As a health predictor, how does BMI measure up?

Updated: Nov 14, 2021


Not very well, according to Lambert Adolphe Jacques Quetelet, the Belgian mathematician who devised the Body Mass Index in 1832.


Quetelet himself declared that he developed it to give a snapshot of a whole population’s overall health, to help governments determine where to allocate health resources – not to measure an individual person’s health, as is all-too-common medical practice today.


Assessing a person’s overall state of health based on BMI can ignore many important health factors which vary from one person to the next: age, sex, genetics, fat mass, fat distribution, muscle mass, and bone density, to name a few. It also ignores other, important, health measurements, such as cholesterol, blood sugar, heart rate, blood pressure, inflammation levels, lifestyle, and medical history.

For example:

  • Men have more muscle mass and less fat mass than women, but the exact same BMI calculation gets applied to both.

  • As a person ages, body fat mass increases and muscle mass declines. BMI makes no allowance for this.

  • According to a review of 72 studies, people with fat around their stomachs have a greater risk of chronic disease and significantly higher all-cause mortality risk than people whose fat accumulates around their hips and buttocks, but BMI measures only how much fat vs. height, not where it is.

  • Americans of Asian descent with lower BMIs (supposedly good) have higher health risks than Americans of European descent with higher BMIs (supposedly bad).

  • African Americans are often (mis)classified as overweight/obese because they have less fat mass and more muscle mass, which is denser. They’re healthier with higher BMIs compared with other races.

  • With a 32.88 BMI, a 250-pound, 6’3” NFL running back is medically classified as obese.

When doctors and other health providers focus on numbers rather than individuals, they shortchange their patients and jeopardize the quality of their healthcare – often to the extent of ignoring or incorrectly diagnosing health problems unrelated to weight.

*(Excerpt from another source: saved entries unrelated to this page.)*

lemma ell_le_first_excess:
  assumes up: "upos w i = p" and T: "T \<le> length (drop (p + 1) w)"
    and excess: "cnt U (take T (drop (p + 1) w)) < cnt D (take T (drop (p + 1) w))"
  shows "ell w i \<le> 2 * cnt U (take T (drop (p + 1) w))"
proof -
  let ?x = "drop (p + 1) w"
  obtain m where m: "m < T" and bal: "balanced (take m ?x)" and D: "?x ! m = D"
    using first_excess_prefix[OF T excess] .
  have "ell w i = m"
    using m T D by (intro ell_eqI[OF up _ _ bal]) (simp_all add: add.commute add.left_commute)
  also have "m = 2 * cnt U (take m ?x)"
    using bal cnt_U_plus_cnt_D[of "take m ?x"] m T by (simp add: balanced_def)
  also have "\<dots> \<le> 2 * cnt U (take T ?x)"
    using m by (simp add: cnt_take_mono)
  finally show ?thesis .
qed

section \<open>Prefix order and contour of plane trees\<close>

fun subtree_at :: "ptree \<Rightarrow> nat list \<Rightarrow> ptree" where
  "subtree_at t [] = t"
| "subtree_at (PNode ts) (k # p) = subtree_at (ts ! k) p"

lemma set_pre_children:
  "set (pre_children k ts) = {(k + j) # q | j q. j < length ts \<and> q \<in> set (pre (ts ! j))}"
proof (induction ts arbitrary: k)
  case (Cons s ss)
  show ?case
  proof (rule set_eqI, rule iffI)
    fix x assume "x \<in> set (pre_children k (s # ss))"
    then show "x \<in> {(k + j) # q | j q. j < length (s # ss) \<and> q \<in> set (pre ((s # ss) ! j))}"
      using Cons.IH[of "Suc k"] by force
  next
    fix x assume "x \<in> {(k + j) # q | j q. j < length (s # ss) \<and> q \<in> set (pre ((s # ss) ! j))}"
    then obtain j q where x: "x = (k + j) # q" "j < Suc (length ss)" "q \<in> set (pre ((s # ss) ! j))"
      by auto
    then show "x \<in> set (pre_children k (s # ss))"
      using Cons.IH[of "Suc k"] by (cases j) auto
  qed
qed simp

lemma Cons_mem_pre_iff [simp]:
  "k # q \<in> set (pre (PNode ts)) \<longleftrightarrow> k < length ts \<and> q \<in> set (pre (ts ! k))"
  by (auto simp: set_pre_children)

lemma pre_nth_0 [simp]: "pre t ! 0 = []"
  by (cases t) simp

lemma pre_not_Nil [simp]: "pre t \<noteq> []"
  by (cases t) simp

lemma distinct_pre: "distinct (pre t)"
proof (induction t)
  case (PNode ts)
  have "distinct (pre_children k ts)" if "\<forall>s\<in>set ts. distinct (pre s)" for k
    using that
  proof (induction ts arbitrary: k)
    case (Cons s ss)
    then show ?case
      by (auto simp: distinct_map set_pre_children)
  qed simp
  then show ?case
    using PNode by (auto simp: set_pre_children)
qed

lemma length_pre_children: "length (pre_children k ts) = (\<Sum>s\<leftarrow>ts. length (pre s))"
  by (induction ts arbitrary: k) auto

lemma length_pre: "length (pre t) = Suc (cnt U (contour t))"
proof (induction t)
  case (PNode ts)
  then show ?case
    by (simp add: length_pre_children cnt_concat o_def cong: map_cong)
qed

lemma balanced_contour: "balanced (contour t)"
proof (induction t)
  case (PNode ts)
  then show ?case
    by (auto intro!: balanced_concat balanced_enclose)
qed

lemma pre_children_split:
  "k < length ts \<Longrightarrow> pre_children j ts =
     pre_children j (take k ts) @ map (Cons (j + k)) (pre (ts ! k)) @ pre_children (j + k + 1) (drop (k + 1) ts)"
proof (induction ts arbitrary: j k)
  case (Cons s ss)
  then show ?case
    by (cases k) (simp_all add: Cons.IH[of _ "Suc j"])
qed simp

lemma contour_split:
  assumes "k < length ts"
  shows "contour (PNode ts) =
    contour (PNode (take k ts)) @ U # contour (ts ! k) @ D # contour (PNode (drop (k + 1) ts))"
proof -
  have "ts = take k ts @ ts ! k # drop (Suc k) ts"
    using assms by (simp add: id_take_nth_drop)
  then have "contour (PNode ts) = contour (PNode (take k ts @ ts ! k # drop (Suc k) ts))"
    by (rule arg_cong)
  then show ?thesis
    by simp
qed

lemma append_mem_pre_iff:
  "p \<in> set (pre t) \<Longrightarrow> p @ w \<in> set (pre t) \<longleftrightarrow> w \<in> set (pre (subtree_at t p))"
proof (induction p arbitrary: t)
  case (Cons k p)
  then show ?case
    by (cases t) (simp del: pre.simps)
qed simp

lemma pre_decomp:
  assumes "p \<in> set (pre t)"
  shows "\<exists>xs ys. pre t = xs @ map ((@) p) (pre (subtree_at t p)) @ ys \<and>
    (p \<noteq> [] \<longrightarrow>
      (\<exists>a b. contour t = a @ U # contour (subtree_at t p) @ D # b \<and> cnt U a + 1 = length xs))"
  using assms
proof (induction p arbitrary: t)
  case Nil
  show ?case
    by (rule exI[of _ "[]"], rule exI[of _ "[]"]) simp
next
  case (Cons k p)
  obtain ts where t: "t = PNode ts"
    by (cases t)
  have k: "k < length ts" and p: "p \<in> set (pre (ts ! k))"
    using Cons.prems t by (auto simp del: pre.simps)
  obtain xs ys where xs: "pre (ts ! k) = xs @ map ((@) p) (pre (subtree_at (ts ! k) p)) @ ys"
    and c: "p \<noteq> [] \<longrightarrow> (\<exists>a b. contour (ts ! k) = a @ U # contour (subtree_at (ts ! k) p) @ D # b \<and>
                              cnt U a + 1 = length xs)"
    using Cons.IH[OF p] by blast
  define A where "A = contour (PNode (take k ts))"
  define B where "B = contour (PNode (drop (k + 1) ts))"
  define xs' where "xs' = [] # pre_children 0 (take k ts) @ map (Cons k) xs"
  have "pre t = xs' @ map ((@) (k # p)) (pre (subtree_at t (k # p))) @
      map (Cons k) ys @ pre_children (k + 1) (drop (k + 1) ts)"
    using pre_children_split[OF k, of 0] by (simp add: t xs'_def xs)
  moreover have "\<exists>a b. contour t = a @ U # contour (subtree_at t (k # p)) @ D # b \<and> cnt U a + 1 = length xs'"
  proof (cases "p = []")
    case True
    then have "xs = []"
      using arg_cong[OF xs, of length] by simp
    then show ?thesis
      using True contour_split[OF k] length_pre[of "PNode (take k ts)"]
      by (intro exI[of _ A] exI[of _ B]) (simp add: t xs'_def A_def B_def)
  next
    case False
    then obtain a b where "contour (ts ! k) = a @ U # contour (subtree_at (ts ! k) p) @ D # b"
      and "cnt U a + 1 = length xs"
      using c by blast
    then show ?thesis
      using contour_split[OF k] length_pre[of "PNode (take k ts)"]
      by (intro exI[of _ "A @ U # a"] exI[of _ "b @ D # B"]) (simp add: t xs'_def A_def B_def)
  qed
  ultimately show ?case
    by blast
qed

When patients with high BMIs put off health checkups for fear of being judged, that can lead to delayed diagnoses and treatment.


With so many major health decisions, such as surgery, being based on BMI and weight, it’s important for health professionals to make sure their recommendations are based not on BMI, but on their patients.


Caring for people as individuals, and refusing to shoehorn them into one-size-fits-all categories, is a principle Senior Insights is built on.


We’ve always believed that caregiving has to go beyond physical needs and tasks, to address each client’s unique, individual emotional, cognitive, psychosocial and environmental needs as well. That’s why, before anything else, we conduct a thorough three-part needs assessment to determine what specific services a client needs – cooking, housekeeping, bathing and dressing, shopping, etc. Then, as a holistic full-service senior care agency, we’ll provide caring, experienced, reliable people to provide the exact kind of care that fits those individual needs and desires If you’d like to learn what a difference our person-centered, individual approach can make, please click here to contact us.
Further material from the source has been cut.